Quarter Results and Segment Trends

CSX said in a press release that fourth-quarter revenue was $3.51 billion, down 1.0% year over year and below the consensus range. Net income was $720 million, or $0.39 a share diluted, down 1.8% from the prior year. Operating income was $1.11 billion on a GAAP basis, roughly flat year over year but about 9.0% lower on an adjusted basis. Gross profit fell 6.8% to $1.5 billion.

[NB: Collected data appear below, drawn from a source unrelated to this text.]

section \<open>Choosing the scale\<close>

lemma penalty_at_optimal_scale:
  fixes m d \<alpha> :: real
  assumes m: "m > 0" and dm: "d \<ge> m" and \<alpha>: "\<alpha> > 1"
  defines "c \<equiv> (d / m) powr (1 / \<alpha>)"
  shows "m * c + d * (c powr (1 - \<alpha>) / (\<alpha> - 1)) = \<alpha> / (\<alpha> - 1) * m powr (1 - 1 / \<alpha>) * d powr (1 / \<alpha>)"
proof -
  have d: "d > 0"
    using m dm by linarith
  have "m * c = m powr (1 - 1 / \<alpha>) * d powr (1 / \<alpha>)"
    using m d by (simp add: c_def powr_divide powr_diff)
  moreover have "d * c powr (1 - \<alpha>) = m powr (1 - 1 / \<alpha>) * d powr (1 / \<alpha>)"
  proof -
    have "c powr (1 - \<alpha>) = (d / m) powr (1 / \<alpha> - 1)"
      using \<alpha> by (simp add: c_def powr_powr diff_divide_distrib)
    also have "\<dots> = m powr (1 - 1 / \<alpha>) * d powr (1 / \<alpha> - 1)"
    proof -
      have "m powr (1 - 1 / \<alpha>) = 1 / m powr (1 / \<alpha> - 1)"
        using powr_minus_divide[of m "1 / \<alpha> - 1"] by simp
      then show ?thesis
        using m d by (simp add: powr_divide)
    qed
    finally show ?thesis
      using d by (simp add: powr_mult_base)
  qed
  ultimately show ?thesis
    using \<alpha> by (simp add: field_simps)
qed
lemma regret_le_heavy_tail:
  assumes D: "real_distribution D" and adv: "admissible_adv d D ell"
    and \<eta>: "\<eta> > 0" and m: "1 \<le> m" "m \<le> d" and \<alpha>: "\<alpha> > 1"
    and cdf_0: "cdf D 0 = 0" and cdf_lt_1: "\<And>x. cdf D x < 1"
    and tail: "\<And>x. x \<ge> 1 \<Longrightarrow> 1 - cdf D x \<le> x powr (-\<alpha>)"
  shows "regret d m \<eta> D ell T \<le> stab_term d m \<eta> D ell T
     + (\<alpha> / (\<alpha> - 1) * real m powr (1 - 1 / \<alpha>) * real d powr (1 / \<alpha>)) / \<eta>"
proof -
  interpret real_distribution D by fact
  interpret ftpl_gr D d m \<eta> ell
    using adv phi_pos_if_unbounded[OF cdf_lt_1 _ m(1)] by unfold_locales auto
  define c where "c = (real d / real m) powr (1 / \<alpha>)"
  have "c \<ge> 1"
    unfolding c_def using m \<alpha> by (intro ge_one_powr_ge_zero) auto
  moreover have "real m * c + real d * (c powr (1 - \<alpha>) / (\<alpha> - 1))
      = \<alpha> / (\<alpha> - 1) * real m powr (1 - 1 / \<alpha>) * real d powr (1 / \<alpha>)"
    unfolding c_def using m \<alpha> by (intro penalty_at_optimal_scale) auto
  ultimately show ?thesis
    using regret_le_penalty[OF \<eta> m(2) AE_pos_if_cdf_0[OF cdf_0] \<alpha> _ tail, of c T] by simp
qed

lemma frechet_cdf_tail: "x > 0 \<Longrightarrow> 1 - frechet_cdf \<alpha> x \<le> x powr (-\<alpha>)"
  using exp_ge_add_one_self[of "- (x powr (-\<alpha>))"] by (simp add: frechet_cdf_def)

theorem lemma1:
  fixes d m T :: nat and \<alpha> \<eta> :: real and D :: "real measure"
    and ell :: "nat \<Rightarrow> omega \<Rightarrow> nat \<Rightarrow> real"
  assumes "1 \<le> m" and "m \<le> d" and "\<alpha> > 1" and "\<eta> > 0"
    and "real_distribution D"
    and "admissible_adv d D ell"
  shows "(cdf D = frechet_cdf \<alpha> \<longrightarrow>
           regret d m \<eta> D ell T \<le> stab_term d m \<eta> D ell T
             + ((\<alpha> / (\<alpha> - 1) * real m powr (1 - 1 / \<alpha>) + Gamma (1 - 1 / \<alpha>))
                  * real (d + 1) powr (1 / \<alpha>) + real m) / \<eta>)
       \<and> (cdf D = pareto_cdf \<alpha> \<longrightarrow>
           regret d m \<eta> D ell T \<le> stab_term d m \<eta> D ell T
             + ((\<alpha> / (\<alpha> - 1) * real m powr (1 - 1 / \<alpha>) + Gamma (1 - 1 / \<alpha>))
                  * real (d + 1) powr (1 / \<alpha>)) / \<eta>)"
proof -
  define K where "K = \<alpha> / (\<alpha> - 1) * real m powr (1 - 1 / \<alpha>)"
  have bound: "regret d m \<eta> D ell T \<le> stab_term d m \<eta> D ell T + K * real d powr (1 / \<alpha>) / \<eta>"
    if "cdf D 0 = 0" "\<And>x. cdf D x < 1" "\<And>x. x \<ge> 1 \<Longrightarrow> 1 - cdf D x \<le> x powr (-\<alpha>)"
    using regret_le_heavy_tail[OF assms(5,6,4,1,2,3) that] by (simp add: K_def)
  have "K * real d powr (1 / \<alpha>) \<le> (K + Gamma (1 - 1 / \<alpha>)) * real (d + 1) powr (1 / \<alpha>)"
    using \<open>\<alpha> > 1\<close> by (intro mult_mono powr_mono2 less_imp_le[OF Gamma_real_pos]) (auto simp: K_def)
  then have slack: "K * real d powr (1 / \<alpha>) / \<eta>
      \<le> ((K + Gamma (1 - 1 / \<alpha>)) * real (d + 1) powr (1 / \<alpha>) + x) / \<eta>" if "0 \<le> x" for x
    using that \<open>\<eta> > 0\<close> by (intro divide_right_mono) auto
  show ?thesis
    unfolding K_def[symmetric]
  proof (intro conjI impI)
    assume "cdf D = frechet_cdf \<alpha>"
    then show "regret d m \<eta> D ell T \<le> stab_term d m \<eta> D ell T
        + ((K + Gamma (1 - 1 / \<alpha>)) * real (d + 1) powr (1 / \<alpha>) + real m) / \<eta>"
      using bound frechet_cdf_tail slack[of "real m"] by (force simp: frechet_cdf_def)
  next
    assume "cdf D = pareto_cdf \<alpha>"
    then show "regret d m \<eta> D ell T \<le> stab_term d m \<eta> D ell T
        + ((K + Gamma (1 - 1 / \<alpha>)) * real (d + 1) powr (1 / \<alpha>)) / \<eta>"
      using bound slack[of 0] by (force simp: pareto_cdf_def)
  qed
qed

Cash from operations rose about 30.0% to $1.4 billion despite capital spending increasing roughly 31.0% to $677 million. CSX reduced headcount by more than 3.0% at quarter end and recorded approximately $50 million of pre-tax charges, including $31 million in severance and $21 million in technology impairments.

Volumes showed mixed trends. Overall units rose 1.0% year over year while revenue per unit declined 2.0% due to a shift in business mix and weaker coal pricing. Merchandise volumes and revenue fell 2.0%, with chemicals down 6.0% and forest products down 11.0%. Intermodal revenue increased 7.0% as volumes grew 5.0%. Coal volumes rose 1.0%, driven by a 6.0% gain in domestic shipments that offset a 3.0% drop in exports, while coal revenue declined about 5.0%. Intermodal growth stood out amid softness in other segments.

For full-year 2025, CSX reported revenue of $14.1 billion and GAAP operating income of $4.5 billion. Adjusted operating income was $4.7 billion after excluding a $164 million goodwill impairment recorded in the third quarter.

2026 Guidance and Cost Targets

Management set 2026 revenue growth at low single digits and targets operating margin expansion of 200 to 300 basis points over the adjusted 2025 base. This improvement is expected to come from workforce optimization, cuts to discretionary spending, and more than 100 productivity initiatives. Capital expenditures are forecast to remain below $2.4 billion. The company aims for at least 50.0% free cash flow growth in 2026 compared with 2025, driven by higher earnings, normalized cash taxes, and lower capital intensity.

Management noted inflation around 3.0% to 3.5%, with labor and union wage pressures near 3.8%. It withdrew the 2027 multi-year targets from its 2024 investor day. Mid-single-digit intermodal growth is expected to help offset continued weakness in other freight segments.

The quarter highlighted a contrast between softer revenue and profit and a materially stronger operating cash flow. CSX’s focus on productivity and cost discipline shifts near-term performance measures toward margin and cash generation.